### PROBLEM TO WORK ON:
In the data below, the answer is the run of lines from the line containing "0 \<rightleftharpoons> X, which" through the line containing "by (simp add: reaction_network_def sink_network_def", both included; print it exactly and nothing else.

(Saved data entries)
------------------------------------------------

(* (1) The set of reaction networks that have the capacity for weak reversibility strictly contains the set of weakly reversible reaction networks. (2) The set of reaction networks that have the capacity to be endotactic strictly contains the set of endotactic reaction networks.
   Context: A reaction network (E-graph) $\mathcal{G}=(\mathcal{V},\mathcal{E})$ is a finite directed graph whose nodes are distinct elements of a finite set $Y\subset\mathbb{R}^d_{\ge 0}$, with $\mathcal{V}\neq\emptyset$, every node incident to at least one edge, and no edge from a node to itself. For an edge $e$, $\mathbf{s}(e)$ is its source node, $\mathbf{t}(e)$ its target node, and $\mathbf{v}(e)=\mathbf{t}(e)-\mathbf{s}(e)$ its reaction vector. Given positive rate constants $(k_e)_{e\in\mathcal{E}}$, $\mathcal{G}$ generates the mass-action system $\frac{d\mathbf{x}}{dt}=\sum_{e\in\mathcal{E}}k_e\mathbf{x}^{\mathbf{s}(e)}\mathbf{v}(e)$, where $\mathbf{x}^{\mathbf{y}}=\prod_i x_i^{y_i}$ and $0^0=1$. Two networks $\mathcal{G}_1,\mathcal{G}_2$ have the capacity for dynamical equivalence if there exist positive rate constants for each such that the generated right-hand sides coincide for all $\mathbf{x}$. $\mathcal{G}$ is weakly reversible if every edge lies in a directed cycle. $\mathcal{G}$ is endotactic if for every $\mathbf{w}\in\mathbb{R}^d$ and every $e_i\in\mathcal{E}$ with $\mathbf{w}\cdot\mathbf{v}(e_i)<0$ there exists $e_j\in\mathcal{E}$ with $\mathbf{w}\cdot(\mathbf{s}(e_j)-\mathbf{s}(e_i))<0$ and $\mathbf{w}\cdot\mathbf{v}(e_j)>0$. A network has the capacity for weak reversibility (resp. to be endotactic) if it has the capacity for dynamical equivalence with some weakly reversible (resp. endotactic) network. *)

theory Defs
  imports Complex_Main
begin

text \<open>Vectors of R^d are represented as functions nat => real vanishing outside {..<d}.
  A reaction network (E-graph) in dimension d is its finite set of edges, each edge being
  the pair (source, target); the node set is the set of endpoints of edges.\<close>

type_synonym vec = "nat \<Rightarrow> real"
type_synonym edge = "vec \<times> vec"

definition nonneg_vec :: "nat \<Rightarrow> vec \<Rightarrow> bool" where
  "nonneg_vec d y \<longleftrightarrow> (\<forall>i<d. 0 \<le> y i) \<and> (\<forall>i\<ge>d. y i = 0)"

definition reaction_network :: "nat \<Rightarrow> edge set \<Rightarrow> bool" where
  "reaction_network d E \<longleftrightarrow> finite E \<and> E \<noteq> {} \<and>
     (\<forall>(s, t)\<in>E. s \<noteq> t \<and> nonneg_vec d s \<and> nonneg_vec d t)"

definition src :: "edge \<Rightarrow> vec" where "src e = fst e"
definition tgt :: "edge \<Rightarrow> vec" where "tgt e = snd e"
definition rvec :: "edge \<Rightarrow> vec" where "rvec e = (\<lambda>i. tgt e i - src e i)"

text \<open>Monomial x^y = prod_i x_i^(y_i), with the convention 0^0 = 1.\<close>
definition monomial :: "nat \<Rightarrow> vec \<Rightarrow> vec \<Rightarrow> real" where
  "monomial d x y = (\<Prod>i<d. if y i = 0 then 1 else x i powr y i)"

definition mass_action :: "nat \<Rightarrow> edge set \<Rightarrow> (edge \<Rightarrow> real) \<Rightarrow> vec \<Rightarrow> vec" where
  "mass_action d E k x = (\<lambda>i. \<Sum>e\<in>E. k e * monomial d x (src e) * rvec e i)"

definition dyn_equiv_capacity :: "nat \<Rightarrow> edge set \<Rightarrow> edge set \<Rightarrow> bool" where
  "dyn_equiv_capacity d E1 E2 \<longleftrightarrow>
     (\<exists>k1 k2. (\<forall>e\<in>E1. 0 < k1 e) \<and> (\<forall>e\<in>E2. 0 < k2 e) \<and>
        (\<forall>x. (\<forall>i<d. 0 \<le> x i) \<longrightarrow> (\<forall>i<d. mass_action d E1 k1 x i = mass_action d E2 k2 x i)))"

definition weakly_reversible :: "edge set \<Rightarrow> bool" where
  "weakly_reversible E \<longleftrightarrow> (\<forall>(s, t)\<in>E. (t, s) \<in> E\<^sup>*)"

definition dotp :: "nat \<Rightarrow> vec \<Rightarrow> vec \<Rightarrow> real" where
  "dotp d w v = (\<Sum>i<d. w i * v i)"

definition endotactic :: "nat \<Rightarrow> edge set \<Rightarrow> bool" where
  "endotactic d E \<longleftrightarrow>
     (\<forall>w ei. ei \<in> E \<and> dotp d w (rvec ei) < 0 \<longrightarrow>
        (\<exists>ej\<in>E. dotp d w (\<lambda>i. src ej i - src ei i) < 0 \<and> dotp d w (rvec ej) > 0))"

definition capacity_weakly_reversible :: "nat \<Rightarrow> edge set \<Rightarrow> bool" where
  "capacity_weakly_reversible d E \<longleftrightarrow>
     (\<exists>E'. reaction_network d E' \<and> weakly_reversible E' \<and> dyn_equiv_capacity d E E')"

definition capacity_endotactic :: "nat \<Rightarrow> edge set \<Rightarrow> bool" where
  "capacity_endotactic d E \<longleftrightarrow>
     (\<exists>E'. reaction_network d E' \<and> endotactic d E' \<and> dyn_equiv_capacity d E E')"

end

theory Submission
  imports Defs
begin

text \<open>Every network is trivially dynamically equivalent to itself, so the inclusions are
  immediate; strictness is witnessed by one species X. The network X \<rightarrow> 0 (rate 2),
  X \<rightarrow> 2X, 0 \<rightarrow> X (rate 1) has right-hand side 1 - x, the same as the reversible pair
  0 \<rightleftharpoons> X, which is both weakly reversible and endotactic. But 2X is a sink, so the
  network is not weakly reversible, and for w = -1 the reaction X \<rightarrow> 2X points against w
  while no source lies beyond X in direction -w, so it is not endotactic.\<close>

lemma dyn_equiv_capacity_refl: "dyn_equiv_capacity d E E"
  unfolding dyn_equiv_capacity_def by (rule exI[of _ "\<lambda>_. 1"], rule exI[of _ "\<lambda>_. 1"]) simp

lemma weakly_reversible_imp_capacity:
  "weakly_reversible E \<Longrightarrow> reaction_network d E \<Longrightarrow> capacity_weakly_reversible d E"
  using dyn_equiv_capacity_refl unfolding capacity_weakly_reversible_def by blast

lemma endotactic_imp_capacity:
  "endotactic d E \<Longrightarrow> reaction_network d E \<Longrightarrow> capacity_endotactic d E"
  using dyn_equiv_capacity_refl unfolding capacity_endotactic_def by blast

lemma not_weakly_reversible_if_sink:
  assumes "(s, t) \<in> E" and "s \<noteq> t" and "\<And>u. (t, u) \<notin> E"
  shows "\<not> weakly_reversible E"
proof
  assume "weakly_reversible E"
  with assms(1) have "(t, s) \<in> E\<^sup>*" unfolding weakly_reversible_def by blast
  then show False
    by (rule converse_rtranclE) (use assms in auto)
qed

lemma dotp_one [simp]: "dotp (Suc 0) w v = w 0 * v 0"
  by (simp add: dotp_def)

lemma monomial_one: "monomial (Suc 0) x y = (if y 0 = 0 then 1 else x 0 powr y 0)"
  by (simp add: monomial_def)

definition axis_pt :: "real \<Rightarrow> vec" where
  "axis_pt a = (\<lambda>i. if i = 0 then a else 0)"

lemma axis_pt_zero [simp]: "axis_pt a 0 = a"
  by (simp add: axis_pt_def)

lemma axis_pt_eq_iff [simp]: "axis_pt a = axis_pt b \<longleftrightarrow> a = b"
  by (metis axis_pt_zero)

lemma nonneg_vec_axis_pt: "0 < d \<Longrightarrow> 0 \<le> a \<Longrightarrow> nonneg_vec d (axis_pt a)"
  by (simp add: nonneg_vec_def axis_pt_def)

definition sink_network :: "edge set" where
  "sink_network = {(axis_pt 1, axis_pt 0), (axis_pt 1, axis_pt 2), (axis_pt 0, axis_pt 1)}"

definition reversible_network :: "edge set" where
  "reversible_network = {(axis_pt 0, axis_pt 1), (axis_pt 1, axis_pt 0)}"

lemma reaction_network_sink_network: "reaction_network 1 sink_network"
  by (simp add: reaction_network_def sink_network_def nonneg_vec_axis_pt)

lemma reaction_network_reversible_network: "reaction_network 1 reversible_network"
  by (simp add: reaction_network_def reversible_network_def nonneg_vec_axis_pt)

lemma dyn_equiv_capacity_sink_reversible:
  "dyn_equiv_capacity 1 sink_network reversible_network"
  unfolding dyn_equiv_capacity_def
proof (rule exI[of _ "\<lambda>e. if e = (axis_pt 1, axis_pt 0) then 2 else 1"],
    rule exI[of _ "\<lambda>_. 1"], intro conjI allI impI)
  fix x :: vec and i :: nat
  assume "\<forall>i<1. 0 \<le> x i" and "i < 1"
  then have "0 \<le> x 0" and "i = 0" by simp_all
  then show "mass_action 1 sink_network (\<lambda>e. if e = (axis_pt 1, axis_pt 0) then 2 else 1) x i
      = mass_action 1 reversible_network (\<lambda>_. 1) x i"
    by (simp add: mass_action_def sink_network_def reversible_network_def monomial_one
        src_def tgt_def rvec_def)
qed (simp_all add: sink_network_def)

lemma weakly_reversible_reversible_network: "weakly_reversible reversible_network"
  unfolding weakly_reversible_def reversible_network_def by auto

lemma not_weakly_reversible_sink_network: "\<not> weakly_reversible sink_network"
  by (rule not_weakly_reversible_if_sink[of "axis_pt 1" "axis_pt 2"])
    (auto simp: sink_network_def)

lemma endotactic_reversible_network: "endotactic 1 reversible_network"
  unfolding endotactic_def
proof (intro allI impI)
  fix w ei assume ei: "ei \<in> reversible_network \<and> dotp 1 w (rvec ei) < 0"
  then consider "ei = (axis_pt 0, axis_pt 1)" "w 0 < 0" | "ei = (axis_pt 1, axis_pt 0)" "0 < w 0"
    by (auto simp: reversible_network_def rvec_def src_def tgt_def)
  then show "\<exists>ej\<in>reversible_network. dotp 1 w (\<lambda>i. src ej i - src ei i) < 0
      \<and> 0 < dotp 1 w (rvec ej)"
  proof cases
    case 1
    then show ?thesis
      by (intro bexI[of _ "(axis_pt 1, axis_pt 0)"])
        (auto simp: reversible_network_def rvec_def src_def tgt_def)
  next
    case 2
    then show ?thesis
      by (intro bexI[of _ "(axis_pt 0, axis_pt 1)"])
        (auto simp: reversible_network_def rvec_def src_def tgt_def)
  qed
qed

lemma not_endotactic_sink_network: "\<not> endotactic 1 sink_network"
proof
  assume "endotactic 1 sink_network"
  moreover have "(axis_pt 1, axis_pt 2) \<in> sink_network"
    and "dotp 1 (\<lambda>_. -1) (rvec (axis_pt 1, axis_pt 2)) < 0"
    by (simp_all add: sink_network_def rvec_def src_def tgt_def)
  ultimately obtain ej where "ej \<in> sink_network"
    and "dotp 1 (\<lambda>_. -1) (\<lambda>i. src ej i - axis_pt 1 i) < 0"
    and "0 < dotp 1 (\<lambda>_. -1) (rvec ej)"
    unfolding endotactic_def src_def by fastforce
  then show False
    by (auto simp: sink_network_def rvec_def src_def tgt_def)
qed

theorem theorem1:
  shows "{(d, E). reaction_network d E \<and> weakly_reversible E}
           \<subset> {(d, E). reaction_network d E \<and> capacity_weakly_reversible d E}
       \<and> {(d, E). reaction_network d E \<and> endotactic d E}
           \<subset> {(d, E). reaction_network d E \<and> capacity_endotactic d E}"
proof (intro conjI psubsetI subsetI)
  have "capacity_weakly_reversible 1 sink_network"
    unfolding capacity_weakly_reversible_def
    using reaction_network_reversible_network weakly_reversible_reversible_network
      dyn_equiv_capacity_sink_reversible by blast
  with reaction_network_sink_network not_weakly_reversible_sink_network
  show "{(d, E). reaction_network d E \<and> weakly_reversible E}
      \<noteq> {(d, E). reaction_network d E \<and> capacity_weakly_reversible d E}"
    by blast
  have "capacity_endotactic 1 sink_network"
    unfolding capacity_endotactic_def
    using reaction_network_reversible_network endotactic_reversible_network
      dyn_equiv_capacity_sink_reversible by blast
  with reaction_network_sink_network not_endotactic_sink_network
  show "{(d, E). reaction_network d E \<and> endotactic d E}
      \<noteq> {(d, E). reaction_network d E \<and> capacity_endotactic d E}"
    by blast
qed (auto intro: weakly_reversible_imp_capacity endotactic_imp_capacity)

end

------------------------------------------------

### YOUR SOLUTION:
  0 \<rightleftharpoons> X, which is both weakly reversible and endotactic. But 2X is a sink, so the
  network is not weakly reversible, and for w = -1 the reaction X \<rightarrow> 2X points against w
  while no source lies beyond X in direction -w, so it is not endotactic.\<close>

lemma dyn_equiv_capacity_refl: "dyn_equiv_capacity d E E"
  unfolding dyn_equiv_capacity_def by (rule exI[of _ "\<lambda>_. 1"], rule exI[of _ "\<lambda>_. 1"]) simp

lemma weakly_reversible_imp_capacity:
  "weakly_reversible E \<Longrightarrow> reaction_network d E \<Longrightarrow> capacity_weakly_reversible d E"
  using dyn_equiv_capacity_refl unfolding capacity_weakly_reversible_def by blast

lemma endotactic_imp_capacity:
  "endotactic d E \<Longrightarrow> reaction_network d E \<Longrightarrow> capacity_endotactic d E"
  using dyn_equiv_capacity_refl unfolding capacity_endotactic_def by blast

lemma not_weakly_reversible_if_sink:
  assumes "(s, t) \<in> E" and "s \<noteq> t" and "\<And>u. (t, u) \<notin> E"
  shows "\<not> weakly_reversible E"
proof
  assume "weakly_reversible E"
  with assms(1) have "(t, s) \<in> E\<^sup>*" unfolding weakly_reversible_def by blast
  then show False
    by (rule converse_rtranclE) (use assms in auto)
qed

lemma dotp_one [simp]: "dotp (Suc 0) w v = w 0 * v 0"
  by (simp add: dotp_def)

lemma monomial_one: "monomial (Suc 0) x y = (if y 0 = 0 then 1 else x 0 powr y 0)"
  by (simp add: monomial_def)

definition axis_pt :: "real \<Rightarrow> vec" where
  "axis_pt a = (\<lambda>i. if i = 0 then a else 0)"

lemma axis_pt_zero [simp]: "axis_pt a 0 = a"
  by (simp add: axis_pt_def)

lemma axis_pt_eq_iff [simp]: "axis_pt a = axis_pt b \<longleftrightarrow> a = b"
  by (metis axis_pt_zero)

lemma nonneg_vec_axis_pt: "0 < d \<Longrightarrow> 0 \<le> a \<Longrightarrow> nonneg_vec d (axis_pt a)"
  by (simp add: nonneg_vec_def axis_pt_def)

definition sink_network :: "edge set" where
  "sink_network = {(axis_pt 1, axis_pt 0), (axis_pt 1, axis_pt 2), (axis_pt 0, axis_pt 1)}"

definition reversible_network :: "edge set" where
  "reversible_network = {(axis_pt 0, axis_pt 1), (axis_pt 1, axis_pt 0)}"

lemma reaction_network_sink_network: "reaction_network 1 sink_network"
  by (simp add: reaction_network_def sink_network_def nonneg_vec_axis_pt)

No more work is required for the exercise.